Kolay olmadı ama onu üstümden itebilmiştim. O anda elimden geldiği kadar hızlı hareket etmeye çalışıp kaçmaya çalıştım ve başardım. Arkamdan geliyordu ama arabasına binip gitmemi engelleyememişti. Bu iş burda bitmedi, diye bağırdı arkamdan. Bense hızlıca oradan uzaklaşmıştım. Hala ağlıyordum ve önümü görmekte zorlanıyordum. Kaza yapmamayı umarak eve doğru yol alıyordum.

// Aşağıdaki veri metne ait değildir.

(* Let $\mathcal{H}$ be a complex Hilbert space and let $A\in\mathcal{B}(\mathcal{H})$ be a positive operator with $\dim R(A)\ge 2$. Let $T\in\mathcal{B}_A(\mathcal{H})$ and let $q\in\mathbb{C}$ with $0<|q|\le 1$. Then \[ \frac{|q|^2}{4}\,\big\|T^{\sharp_A}T+TT^{\sharp_A}\big\|_A\;\le\; w_{q,A}^2(T)\;\le\;\frac{2-|q|^2+4|q|\sqrt{1-|q|^2}}{2}\,\big\|TT^{\sharp_A}+T^{\sharp_A}T\big\|_A . \]
   Context: $A$ induces the semi-inner product $\langle x,y\rangle_A=\langle Ax,y\rangle$ and seminorm $\|x\|_A=\sqrt{\langle x,x\rangle_A}$. For an operator $S$, $\|S\|_A=\sup\{\|Sx\|_A/\|x\|_A : x\in\overline{R(A)},\,x\neq 0\}$. An operator $W$ is an $A$-adjoint of $T$ if $\langle Tx,y\rangle_A=\langle x,Wy\rangle_A$ for all $x,y$; $\mathcal{B}_A(\mathcal{H})$ is the set of operators admitting an $A$-adjoint, and for $T\in\mathcal{B}_A(\mathcal{H})$, $T^{\sharp_A}$ denotes the unique solution $X$ of $AX=T^*A$ with $R(X)\subseteq \overline{R(A)}$ (the reduced solution). For $q$ with $|q|\le1$, the $A$-$q$-numerical radius is $w_{q,A}(T)=\sup\{|\langle Tx,y\rangle_A| : \|x\|_A=\|y\|_A=1,\ \langle x,y\rangle_A=q\}$. *)

theory Defs
  imports "HOL-Analysis.Analysis"
begin

text \<open>The inner
 product is linear in the first and conjugate-linear in the second argument.\<close>

class complex_vector = real_vector +
  fixes scaleC :: "complex \<Rightarrow> 'a \<Rightarrow> 'a"  (infixr \<open>*\<^sub>C\<close> 75)
  assumes scaleC_add_right: "a *\<^sub>C (x + y) = a *\<^sub>C x + a *\<^sub>C y"
    and scaleC_add_left: "(a + b) *\<^sub>C x = a *\<^sub>C x + b *\<^sub>C x"
    and scaleC_scaleC: "a *\<^sub>C (b *\<^sub>C x) = (a * b) *\<^sub>C x"
    and scaleC_one: "1 *\<^sub>C x = x"
    and scaleR_scaleC: "scaleR r x = complex_of_real r *\<^sub>C x"

class complex_inner = complex_vector + real_normed_vector +
  fixes cinner :: "'a \<Rightarrow> 'a \<Rightarrow> complex"
  assumes cinner_commute: "cinner x y = cnj (cinner y x)"
    and cinner_add_left: "cinner (x + y) z = cinner x z + cinner y z"
    and cinner_scaleC_left: "cinner (r *\<^sub>C x) y = r * cinner x y"
    and cinner_ge_zero: "0 \<le> Re (cinner x x)"
    and cinner_eq_zero_iff: "cinner x x = 0 \<longleftrightarrow> x = 0"
    and norm_eq_sqrt_cinner: "norm x = sqrt (Re (cinner x x))"

class chilbert_space = complex_inner + complete_space

definition bounded_clinear :: "('a::complex_inner \<Rightarrow> 'a) \<Rightarrow> bool" where
  "bounded_clinear T \<longleftrightarrow>
     (\<forall>x y. T (x + y) = T x + T y) \<and> (\<forall>c x. T (c *\<^sub>C x) = c *\<^sub>C T x) \<and>
     (\<exists>K. \<forall>x. norm (T x) \<le> norm x * K)"

definition hadjoint :: "('a::complex_inner \<Rightarrow> 'a) \<Rightarrow> ('a \<Rightarrow> 'a)" where
  "hadjoint T = (THE S. \<forall>x y. cinner (T x) y = cinner x (S y))"

definition positive_op :: "('a::complex_inner \<Rightarrow> 'a) \<Rightarrow> bool" where
  "positive_op A \<longleftrightarrow> bounded_clinear A \<and> (\<forall>x. cinner (A x) x \<in> \<real> \<and> 0 \<le> Re (cinner (A x) x))"

definition dim_range_ge2 :: "('a::complex_inner \<Rightarrow> 'a) \<Rightarrow> bool" where
  "dim_range_ge2 A \<longleftrightarrow> (\<exists>u\<in>range A. \<exists>v\<in>range A.
      \<forall>a b. a *\<^sub>C u + b *\<^sub>C v = 0 \<longrightarrow> a = 0 \<and> b = 0)"

definition innerA :: "('a::complex_inner \<Rightarrow> 'a) \<Rightarrow> 'a \<Rightarrow> 'a \<Rightarrow> complex" where
  "innerA A x y = cinner (A x) y"

definition normA :: "('a::complex_inner \<Rightarrow> 'a) \<Rightarrow> 'a \<Rightarrow> real" where
  "normA A x = sqrt (Re (innerA A x x))"

definition opnormA :: "('a::complex_inner \<Rightarrow> 'a) \<Rightarrow> ('a \<Rightarrow> 'a) \<Rightarrow> real" where
  "opnormA A S = Sup {normA A (S x) / normA A x | x. x \<in> closure (range A) \<and> x \<noteq> 0}"

definition is_A_adjoint :: "('a::complex_inner \<Rightarrow> 'a) \<Rightarrow> ('a \<Rightarrow> 'a) \<Rightarrow> ('a \<Rightarrow> 'a) \<Rightarrow> bool" where
  "is_A_adjoint A T W \<longleftrightarrow> (\<forall>x y. innerA A (T x) y = innerA A x (W y))"

definition BA :: "('a::complex_inner \<Rightarrow> 'a) \<Rightarrow> ('a \<Rightarrow> 'a) set" where
  "BA A = {T. bounded_clinear T \<and> (\<exists>W. bounded_clinear W \<and> is_A_adjoint A T W)}"

definition sharpA :: "('a::complex_inner \<Rightarrow> 'a) \<Rightarrow> ('a \<Rightarrow> 'a) \<Rightarrow> ('a \<Rightarrow> 'a)" where
  "sharpA A T = (THE X. bounded_clinear X \<and> A \<circ> X = hadjoint T \<circ> A \<and> range X \<subseteq> closure (range A))"

definition wqA :: "complex \<Rightarrow> ('a::complex_inner \<Rightarrow> 'a) \<Rightarrow> ('a \<Rightarrow> 'a) \<Rightarrow> real" where
  "wqA q A T = Sup {cmod (innerA A (T x) y) | x y.
      normA A x = 1 \<and> normA A y = 1 \<and> innerA A x y = q}"

end

theory Submission
  imports Defs
begin

text \<open>Lower bound: for an A-unit vector u and an A-unit vector z A-orthogonal to u (which
  exists since \<open>dim R(A) \<ge> 2\<close>), both vectors \<open>y = cnj q u \<plusminus> sqrt (1 - |q|\<^sup>2) z\<close> satisfy
  \<open>\<langle>u, y\<rangle>\<^sub>A = q\<close>, and averaging \<open>\<langle>T u, y\<rangle>\<^sub>A\<close> over the two signs gives
  \<open>|q| |\<langle>T u, u\<rangle>\<^sub>A| \<le> w\<^sub>q\<^sub>,\<^sub>A(T)\<close>. Hence \<open>w\<^sub>q\<^sub>,\<^sub>A(T) / |q|\<close> bounds the A-numerical range of T and
  therefore the A-seminorms of its A-selfadjoint real and imaginary parts, and
  \<open>T\<^sup>\<sharp> T + T T\<^sup>\<sharp> = 2 ((Re T)\<^sup>2 + (Im T)\<^sup>2)\<close> has A-seminorm at most \<open>4 w\<^sub>q\<^sub>,\<^sub>A(T)\<^sup>2 / |q|\<^sup>2\<close>.

  Upper bound: writing \<open>y = cnj q x + r\<close> with r A-orthogonal to x, one has
  \<open>\<parallel>r\<parallel>\<^sub>A = sqrt (1 - |q|\<^sup>2)\<close> and
  \<open>|\<langle>T x, y\<rangle>\<^sub>A| \<le> |q| |\<langle>T x, x\<rangle>\<^sub>A| + sqrt (1 - |q|\<^sup>2) \<parallel>T x\<parallel>\<^sub>A\<close>, where
  \<open>|\<langle>T x, x\<rangle>\<^sub>A| \<le> min \<parallel>T x\<parallel>\<^sub>A \<parallel>T\<^sup>\<sharp> x\<parallel>\<^sub>A\<close> and
  \<open>\<parallel>T x\<parallel>\<^sub>A\<^sup>2 + \<parallel>T\<^sup>\<sharp> x\<parallel>\<^sub>A\<^sup>2 = \<langle>(T\<^sup>\<sharp> T + T T\<^sup>\<sharp>) x, x\<rangle>\<^sub>A \<le> \<parallel>T\<^sup>\<sharp> T + T T\<^sup>\<sharp>\<parallel>\<^sub>A\<close> for A-unit x.

  Both suprema are finite because a bounded A-selfadjoint operator is A-bounded.\<close>

section \<open>Complex inner product spaces\<close>

lemma scaleC_zero_left [simp]: "(0::complex) *\<^sub>C (x::'a::complex_vector) = 0"
proof -
  have "0 *\<^sub>C x = 0 *\<^sub>C x + 0 *\<^sub>C x" by (metis add_0 scaleC_add_left)
  then show ?thesis by simp
qed

lemma scaleC_zero_right [simp]: "a *\<^sub>C (0::'a::complex_vector) = 0"
proof -
  have "a *\<^sub>C (0::'a) = a *\<^sub>C 0 + a *\<^sub>C 0" by (metis add_0 scaleC_add_right)
  then show ?thesis by simp
qed

lemma scaleC_minus_left: "(- a) *\<^sub>C (x::'a::complex_vector) = - (a *\<^sub>C x)"
  by (metis add.right_inverse add_eq_0_iff scaleC_add_left scaleC_zero_left)

lemma scaleC_minus_right: "a *\<^sub>C (- x::'a::complex_vector) = - (a *\<^sub>C x)"
  by (metis add.right_inverse add_eq_0_iff scaleC_add_right scaleC_zero_right)

lemma scaleC_diff_right: "a *\<^sub>C (x - y::'a::complex_vector) = a *\<^sub>C x - a *\<^sub>C y"
  by (simp only: diff_conv_add_uminus scaleC_add_right scaleC_minus_right)

lemma scaleC_of_real: "complex_of_real r *\<^sub>C (x::'a::complex_vector) = r *\<^sub>R x"
  by (simp add: scaleR_scaleC)

lemma cinner_zero_left [simp]: "cinner 0 (y::'a::complex_inner) = 0"
  by (metis add.right_neutral add_left_cancel cinner_add_left)

lemma cinner_minus_left: "cinner (- x) (y::'a::complex_inner) = - cinner x y"
  by (metis add.right_inverse add_eq_0_iff cinner_add_left cinner_zero_left)

lemma cinner_diff_left: "cinner (x - y) (z::'a::complex_inner) = cinner x z - cinner y z"
  by (simp only: diff_conv_add_uminus cinner_add_left cinner_minus_left)

lemma cinner_add_right: "cinner x (y + z::'a::complex_inner) = cinner x y + cinner x z"
  by (metis cinner_add_left cinner_commute complex_cnj_add)

lemma cinner_zero_right [simp]: "cinner (x::'a::complex_inner) 0 = 0"
  by (metis cinner_commute cinner_zero_left complex_cnj_zero)

lemma cinner_minus_right: "cinner x (- y::'a::complex_inner) = - cinner x y"
  by (metis cinner_commute cinner_minus_left complex_cnj_minus)

lemma cinner_diff_right: "cinner x (y - z::'a::complex_inner) = cinner x y - cinner x z"
  by (simp only: diff_conv_add_uminus cinner_add_right cinner_minus_right)

lemma cinner_scaleC_right: "cinner x (c *\<^sub>C y::'a::complex_inner) = cnj c * cinner x y"
  by (metis cinner_commute cinner_scaleC_left complex_cnj_mult)

lemma cinner_self_real: "cinner x (x::'a::complex_inner) = complex_of_real (Re (cinner x x))"
  by (metis cinner_commute complex_cnj_cancel_iff complex_is_Real_iff Reals_cnj_iff of_real_Re)

lemma cinner_eqI: "(\<And>z. cinner z x = cinner z (y::'a::complex_inner)) \<Longrightarrow> x = y"
  by (metis cinner_diff_right cinner_eq_zero_iff cinner_commute diff_self eq_iff_diff_eq_0)

section \<open>Bounded complex-linear operators\<close>

lemma bounded_clinear_scaleC: "bounded_clinear T \<Longrightarrow> T (c *\<^sub>C x) = c *\<^sub>C T x"
  by (simp add: bounded_clinear_def)

lemma bounded_clinear_imp_bounded_linear: "bounded_clinear T \<Longrightarrow> bounded_linear T"
proof -
  assume T: "bounded_clinear T"
  then obtain K where K: "\<forall>x. norm (T x) \<le> norm x * K" by (auto simp: bounded_clinear_def)
  show ?thesis
  proof (rule bounded_linear_intro[where K=K])
    show "T (x + y) = T x + T y" for x y using T by (simp add: bounded_clinear_def)
    show "T (r *\<^sub>R x) = r *\<^sub>R T x" for r x
      using bounded_clinear_scaleC[OF T, of "complex_of_real r"] by (simp only: scaleC_of_real)
    show "norm (T x) \<le> norm x * K" for x using K by blast
  qed
qed

lemma bounded_clinear_compose:
  assumes S: "bounded_clinear S" and T: "bounded_clinear T"
  shows "bounded_clinear (\<lambda>x. S (T x))"
proof -
  have "bounded_linear (\<lambda>x. S (T x))"
    using bounded_linear_compose bounded_clinear_imp_bounded_linear S T by blast
  then obtain K where "\<forall>x. norm (S (T x)) \<le> norm x * K" using bounded_linear.bounded by blast
  moreover have "S (T (x + y)) = S (T x) + S (T y)" for x y
    using S T by (simp add: bounded_clinear_def)
  moreover have "S (T (c *\<^sub>C x)) = c *\<^sub>C S (T x)" for c x
    using S T by (simp add: bounded_clinear_scaleC)
  ultimately show ?thesis unfolding bounded_clinear_def by blast
qed

lemma bounded_clinear_ident: "bounded_clinear (\<lambda>x. x)"
  by (auto simp: bounded_clinear_def intro: exI[of _ 1])

text \<open>Polarization: a positive operator is selfadjoint because its quadratic form is real
  on both x + y and x + i y.\<close>

lemma positive_op_selfadjoint:
  assumes "positive_op A"
  shows "cinner (A x) y = cinner x (A y)"
proof -
  have A: "bounded_clinear A" using assms by (simp add: positive_op_def)
  have A_add: "A (u + v) = A u + A v" for u v using A by (simp add: bounded_clinear_def)
  have diag: "cinner (A u) u = cinner u (A u)" for u
  proof -
    have "cinner (A u) u \<in> \<real>" using assms by (simp add: positive_op_def)
    then show ?thesis by (metis Reals_cnj_iff cinner_commute)
  qed
  define a b c d where "a = cinner (A x) y" and "b = cinner x (A y)"
    and "c = cinner (A y) x" and "d = cinner y (A x)"
  have "cinner (A x) x + a + c + cinner (A y) y = cinner x (A x) + b + d + cinner y (A y)"
    using diag[of "x + y"]
    by (simp add: a_def b_def c_def d_def A_add cinner_add_left cinner_add_right algebra_simps)
  then have real_part: "c - d = - (a - b)"
    using diag[of x] diag[of y] by (simp add: algebra_simps)
  have "cinner (A x) x + \<i> * c + cnj \<i> * (a + \<i> * cinner (A y) y) =
      cinner x (A x) + \<i> * d + cnj \<i> * (b + \<i> * cinner y (A y))"
    using diag[of "x + \<i> *\<^sub>C y"]
    by (simp only: a_def b_def c_def d_def A_add bounded_clinear_scaleC[OF A] cinner_add_left
        cinner_add_right cinner_scaleC_left cinner_scaleC_right)
  then have "cinner (A x) x + (- \<i>) * a + \<i> * c + cinner (A y) y
      = cinner x (A x) + (- \<i>) * b + \<i> * d + cinner y (A y)"
    by (simp add: algebra_simps)
  then have "- \<i> * (a - b) + \<i> * (c - d) = 0"
    using diag[of x] diag[of y] by (simp add: algebra_simps)
  then have "(-2 * \<i>) * (a - b) = 0"
    unfolding real_part by (simp add: algebra_simps)
  then show ?thesis by (simp add: a_def b_def)
qed

section \<open>The semi-inner product induced by a positive operator\<close>

lemma discriminant_le_if_quadratic_nonneg:
  fixes a k c :: real
  assumes "\<And>t. 0 \<le> a - 2 * t * k + t\<^sup>2 * k * c" and "0 \<le> k" and "0 \<le> c"
  shows "k \<le> a * c"
proof (cases "c = 0")
  case True
  show ?thesis
  proof (rule ccontr)
    assume "\<not> k \<le> a * c"
    then have "k > 0" using True by simp
    have "0 \<le> a - 2 * ((a + 1) / (2 * k)) * k" using assms(1)[of "(a + 1) / (2 * k)"] True by simp
    also have "\<dots> = -1" using \<open>k > 0\<close> by (simp add: field_simps)
    finally show False by simp
  qed
next
  case False
  then have c: "c > 0" using assms by simp
  have "0 \<le> a - 2 * (1 / c) * k + (1 / c)\<^sup>2 * k * c" by (rule assms(1))
  also have "\<dots> = a - k / c" using c by (simp add: field_simps power2_eq_square)
  finally show ?thesis using c by (simp add: field_simps)
qed

locale positive_operator =
  fixes A :: "'a::complex_inner \<Rightarrow> 'a"
  assumes positive: "positive_op A"
begin

lemma bounded_clinear_A: "bounded_clinear A"
  using positive by (simp add: positive_op_def)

Eve geldiğimde Jen yoktu. Evin kapısını kitledim ve odama koştum. Kendimi yatağıma attım. Yorganı kafama kadar çektim ve ağlamama engel olamıyordum. Tanrım, tecavüze uğramaktan kıl payı kurtulabilmiştim. Bu yaşadıklarım yüzümden kendimden ve Justin'den iğreniyordum. Harry'nin yüzüne nasıl bakacaktım bundan sonra. Ondan çok utanıyorum.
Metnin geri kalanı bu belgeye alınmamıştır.